One of the most stressful days of a high school student’s life is the day he or she takes the SAT.
Another equally stressful moment is when that same student, now with three or more years of undergraduate education under his or her belt, is confronted with another scholastic test – the Graduate Records Exam.
As Carl O’Donnell reports in this week’s edition of The Temple News [“Kaplan increases GRE difficulty,” Page 3], the Educational Testing Service, which administers the test, made heavy revisions to the GRE, effective Aug. 1, 2011, which will make the exam an hour longer to complete, in addition to having more difficult questions.
Those taking the GRE will have to wait until November to receive their scores, which means students who do not take the GRE on the Aug. 1 test date won’t receive results in time to apply for graduate school in Fall 2011.
While news updates and reports, such as Business Week’s Feb. 4 coverage of the GRE changes encourages students to take the current test, this advice is unhelpful because the Feb. 12 late-registration GRE test date has passed.
The sad reality of the exam change is that testing officials did not take into account that normal test score reporting would not resume until the December 2011 test date.
The Temple News encourages students considering graduate school to plan ahead and make all the necessary preparations for the GRE and to register for the test early.
It is understandable ETS and other test-taking companies would like to update tests periodically to reflect nationwide college and university curriculum advancements.
However, by not considering the complex admission processes potential graduate students face, ETS failed its future test-takers.
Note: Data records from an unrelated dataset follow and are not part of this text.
(* Let $0<\alpha<1$ and $U$ be uniform on $[0,1]$. Then: (i) for $\theta>0$, with $W^{1/\alpha}_{\alpha,\theta}:=\big(\frac{U^{\alpha/\theta}}{1-U^{\alpha/\theta}}\big)^{1/\alpha}$ (which has cdf $y^\theta(1+y^\alpha)^{-\theta/\alpha}$ and density $\theta y^{\theta-1}(1+y^\alpha)^{-(\theta+\alpha)/\alpha}$, $y>0$), \[W^{1/\alpha}_{\alpha,\theta}\stackrel{d}{=}\Big(\frac{\gamma_{\theta/\alpha}}{\gamma_1}\Big)^{1/\alpha}\stackrel{d}{=}\frac{\chi_{\alpha,\theta}}{\gamma_1}\stackrel{d}{=}\frac{\gamma_\theta}{\gamma_1}X_{\alpha,\theta};\] (ii) for $0<\sigma\le1$, the random variable $\Sigma_{\alpha,\sigma}:=\gamma_1/X^{(\sigma)}_{\alpha,1}$ has Laplace transform $\mathbb{E}[e^{-\lambda\Sigma_{\alpha,\sigma}}]=1-\lambda^\sigma(1+\lambda^\alpha)^{-\sigma/\alpha}$, $\lambda\ge0$.
   Context: $S_\alpha$ is positive stable with $\mathbb{E}[e^{-\lambda S_\alpha}]=e^{-\lambda^\alpha}$ and density $f_\alpha$; $S_{\alpha,\theta}$ ($\theta>-\alpha$) has density proportional to $t^{-\theta}f_\alpha(t)$; $X_{\alpha,\theta}:=S_\alpha/S_{\alpha,\theta}$ (independent). $\gamma_a$ is Gamma$(a,1)$, $\beta_{a,b}$ Beta$(a,b)$ ($\beta_{a,0}:=1$); all variables in ratios/products are independent. $\chi_{\alpha,\theta}:=\gamma_{\theta/\alpha}^{1/\alpha}S_\alpha$. $X^{(\sigma)}_{\alpha,1}:=\beta_{\sigma,1-\sigma}X_{\alpha,\sigma}$. *)

theory Defs
  imports "HOL-Probability.Probability"
begin

definition pos_stable_density :: "real \<Rightarrow> (real \<Rightarrow> real) \<Rightarrow> bool" where
  "pos_stable_density \<alpha> f \<longleftrightarrow> f \<in> borel_measurable borel \<and> (\<forall>t. 0 \<le> f t) \<and> (\<forall>t\<le>0. f t = 0) \<and>
     (\<forall>l\<ge>0. has_bochner_integral lborel (\<lambda>t. exp (-(l*t)) * f t) (exp (-(l powr \<alpha>))))"

definition stable_law :: "(real \<Rightarrow> real) \<Rightarrow> real measure" where
  "stable_law f = density lborel (\<lambda>t. ennreal (f t))"

definition tilted_stable_law :: "(real \<Rightarrow> real) \<Rightarrow> real \<Rightarrow> real measure" where
  "tilted_stable_law f \<theta> = density lborel (\<lambda>t. ennreal (if 0 < t then
      t powr (-\<theta>) * f t / (LINT s|lborel. (if 0 < s then s powr (-\<theta>) * f s else 0)) else 0))"

definition gamma_law :: "real \<Rightarrow> real measure" where
  "gamma_law a = density lborel (\<lambda>x. ennreal (if 0 < x then x powr (a - 1) * exp (-x) / Gamma a else 0))"

text \<open>Beta(a,b); by convention Beta(a,0) is the point mass at 1.\<close>
definition beta_law :: "real \<Rightarrow> real \<Rightarrow> real measure" where
  "beta_law a b = (if b = 0 then return borel 1 else
     density lborel (\<lambda>x. ennreal (if 0 < x \<and> x < 1 then x powr (a - 1) * (1 - x) powr (b - 1) / Beta a b else 0)))"

definition ratio_law :: "real measure \<Rightarrow> real measure \<Rightarrow> real measure" where
  "ratio_law M N = distr (M \<Otimes>\<^sub>M N) borel (\<lambda>z. fst z / snd z)"

definition prod_law :: "real measure \<Rightarrow> real measure \<Rightarrow> real measure" where
  "prod_law M N = distr (M \<Otimes>\<^sub>M N) borel (\<lambda>z. fst z * snd z)"

definition pow_law :: "real measure \<Rightarrow> real \<Rightarrow> real measure" where
  "pow_law M p = distr M borel (\<lambda>x. x powr p)"

definition X_law :: "(real \<Rightarrow> real) \<Rightarrow> real \<Rightarrow> real measure" where
  "X_law f \<theta> = ratio_law (stable_law f) (tilted_stable_law f \<theta>)"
Students unsatisfied with their scores in the fall will have to wait to apply for the 2012-2013 academic year or send scores with which they are not proud of.
Students should be reminded that the GRE is not the end-all, be-all of graduate admissions. Like the SAT is to undergraduate admissions, the GRE is important, but it is not the only component of the graduate admissions application.
The four or more years students spent in college, grades, extracurricular activities, internships and awards will not go unnoticed, and graduate admissions nationwide are aware of the GRE changes. Hopefully, they will take this into account for this year’s admissions process.
Even with the best test preparation, the only thing students can do is put their best foot forward throughout the entire admissions process, from the time they take the GRE and submit essays and transcripts, to the moment they receive decisions in the mail.